How can 640 x 1136 resolution score a 9? More like 7, since there are others with higher resolutions then IP5. Its about RESOLUTION and not how good display is. Highest resolution Smart phones: 1920 x 1080 = 10 1280 x 768 = 9 1280 x 720 = 8 1136 x 640 = 7 So I dont know how IP5S can get a 9 on resolution ranks?

131. surhans

Posts: 4; Member since: Oct 09, 2013

where is the sony "Triluminos screen", how could u forgot this, huh PA

129. R-vjn

Posts: 301; Member since: Jan 07, 2013

Gosh, finnally I can say that PA is spot on to something. The display on the Iphone 5s is just amazing, though its way smaller and lacks the resoultion, the calibration they do is just amazing. I would say even better than the HTC One and LG G2 while looking them side to side. AMOLED'S have always beeen too saturated for my taste, so thats out of the question. Also guys, please not that, I've never bought an iphone and I guess I'll never buy one because of my own reasons. (not because i hate them, but its just not my type of OS).

128. ntsiotinos

Posts: 17; Member since: Nov 18, 2011

What about battery life? I've heard that LCD's tend to go through batteries faster. I know that this will be a difficult test to do, given the varying screen sizes. The other advantage of AMOLED is that it can show information on just a portion of the screen without using up power for the whole screen (like the Moto X).

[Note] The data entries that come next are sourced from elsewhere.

(* Let $A\in\mathcal{C}^{n\times n}$ be diagonalizable with eigenvalues $\nu_1,\dots,\nu_n\in\mathcal{R}$ (with multiplicity) that are at most finite and satisfy $$1=\nu_1[0]>|\nu_2[0]|\ge\dots\ge|\nu_n[0]|.$$ Let $\mathbf x\in\mathcal{C}^n$ be written as $\mathbf x=\mathbf w_1+\dots+\mathbf w_n$ with $A\mathbf w_j=\nu_j\mathbf w_j$, and assume (i) all $\mathbf w_j$ have at most finite entries, (ii) $\mathbf w_1[0]\neq\mathbf 0$, and (iii) there is a unique index $i_0$ with $|\mathbf w_1^{i_0}[0]|=\max_i|\mathbf w_1^i[0]|$. Then for $\mathbf x_k:=A^k\mathbf x$, $$\frac{\mathbf x_k}{\|\mathbf x_k\|_{\max}}\xrightarrow{wk}\frac{\mathbf w_1}{\|\mathbf w_1\|_{\max}}.$$
   Context: The Levi-Civita field $\mathcal{R}$ (resp. $\mathcal{C}$) is the set of functions $a:\mathbb Q\to\mathbb R$ (resp. $\mathbb C$) with left-finite support (for every $r\in\mathbb Q$ only finitely many $q<r$ with $a(q)\ne0$), written $a[q]:=a(q)$; addition is pointwise, multiplication is $(ab)[q]=\sum_{q_1+q_2=q}a[q_1]b[q_2]$; $\mathcal{R}$ is a real closed ordered field ($a\succ b$ iff $(a-b)[\lambda(a-b)]>0$) and $\mathcal{C}=\mathcal{R}(i)$ is algebraically closed. $\lambda(a)=\min\{q:a[q]\ne0\}$ ($\lambda(0)=+\infty$); $a$ is at most finite if $\lambda(a)\ge0$. Absolute value: on $\mathcal{R}$, $|a|=a$ if $a\succeq0$ and $-a$ otherwise; on $\mathcal{C}$, $|a+ib|=\sqrt{a^2+b^2}$ for $a,b\in\mathcal{R}$. For $r\in\mathbb Q$, $\|a\|_r:=\sup_{q\le r}|a[q]|\in\mathbb R$. Weak convergence $a_n\xrightarrow{wk}a$: for every real $r>0$ there is $N_0$ with $\|a_n-a\|_{1/r}<r$ for all $n>N_0$. For vectors, weak convergence is coordinatewise, $\mathbf x[0]:=(\mathbf x^1[0],\dots,\mathbf x^n[0])\in\mathbb C^n$, and $\|\mathbf x\|_{\max}=\max_i|\mathbf x^i|$ (maximum w.r.t. the order of $\mathcal{R}$). *)

theory Defs
  imports Complex_Main
begin

text \<open>An element of R (resp. C) is represented by its coefficient
function rat => real (resp. rat => complex); membership in the field is the predicate
lc_left_finite.\<close>

definition lc_left_finite :: "(rat \<Rightarrow> 'a::zero) \<Rightarrow> bool" where
  "lc_left_finite a \<longleftrightarrow> (\<forall>r. finite {q. q < r \<and> a q \<noteq> 0})"

definition lc_add :: "(rat \<Rightarrow> 'a::plus) \<Rightarrow> (rat \<Rightarrow> 'a) \<Rightarrow> rat \<Rightarrow> 'a" where
  "lc_add a b = (\<lambda>q. a q + b q)"

definition lc_mult :: "(rat \<Rightarrow> 'a::comm_ring_1) \<Rightarrow> (rat \<Rightarrow> 'a) \<Rightarrow> rat \<Rightarrow> 'a" where
  "lc_mult a b = (\<lambda>q. \<Sum>q1\<in>{q1. a q1 \<noteq> 0 \<and> b (q - q1) \<noteq> 0}. a q1 * b (q - q1))"

definition lc_one :: "rat \<Rightarrow> 'a::comm_ring_1" where
  "lc_one = (\<lambda>q. if q = 0 then 1 else 0)"

definition lc_inverse :: "(rat \<Rightarrow> 'a::comm_ring_1) \<Rightarrow> rat \<Rightarrow> 'a" where
  "lc_inverse a = (THE b. lc_left_finite b \<and> lc_mult a b = lc_one)"

definition lc_at_most_finite :: "(rat \<Rightarrow> 'a::zero) \<Rightarrow> bool" where
  "lc_at_most_finite a \<longleftrightarrow> (\<forall>q<0. a q = 0)"

definition lcr_pos :: "(rat \<Rightarrow> real) \<Rightarrow> bool" where
  "lcr_pos a \<longleftrightarrow> a \<noteq> (\<lambda>q. 0) \<and> a (LEAST q. a q \<noteq> 0) > 0"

I'm also surprised at the rating for brightness, as the Galaxy Note 3 has been widely praised for its low reflection and high brightness (see Lastly what about durability - I know that most people only use their phone for two years - but a lot of people pass their phones on to other members of their families.

* Some comments have been hidden, because they don't meet the discussions rules.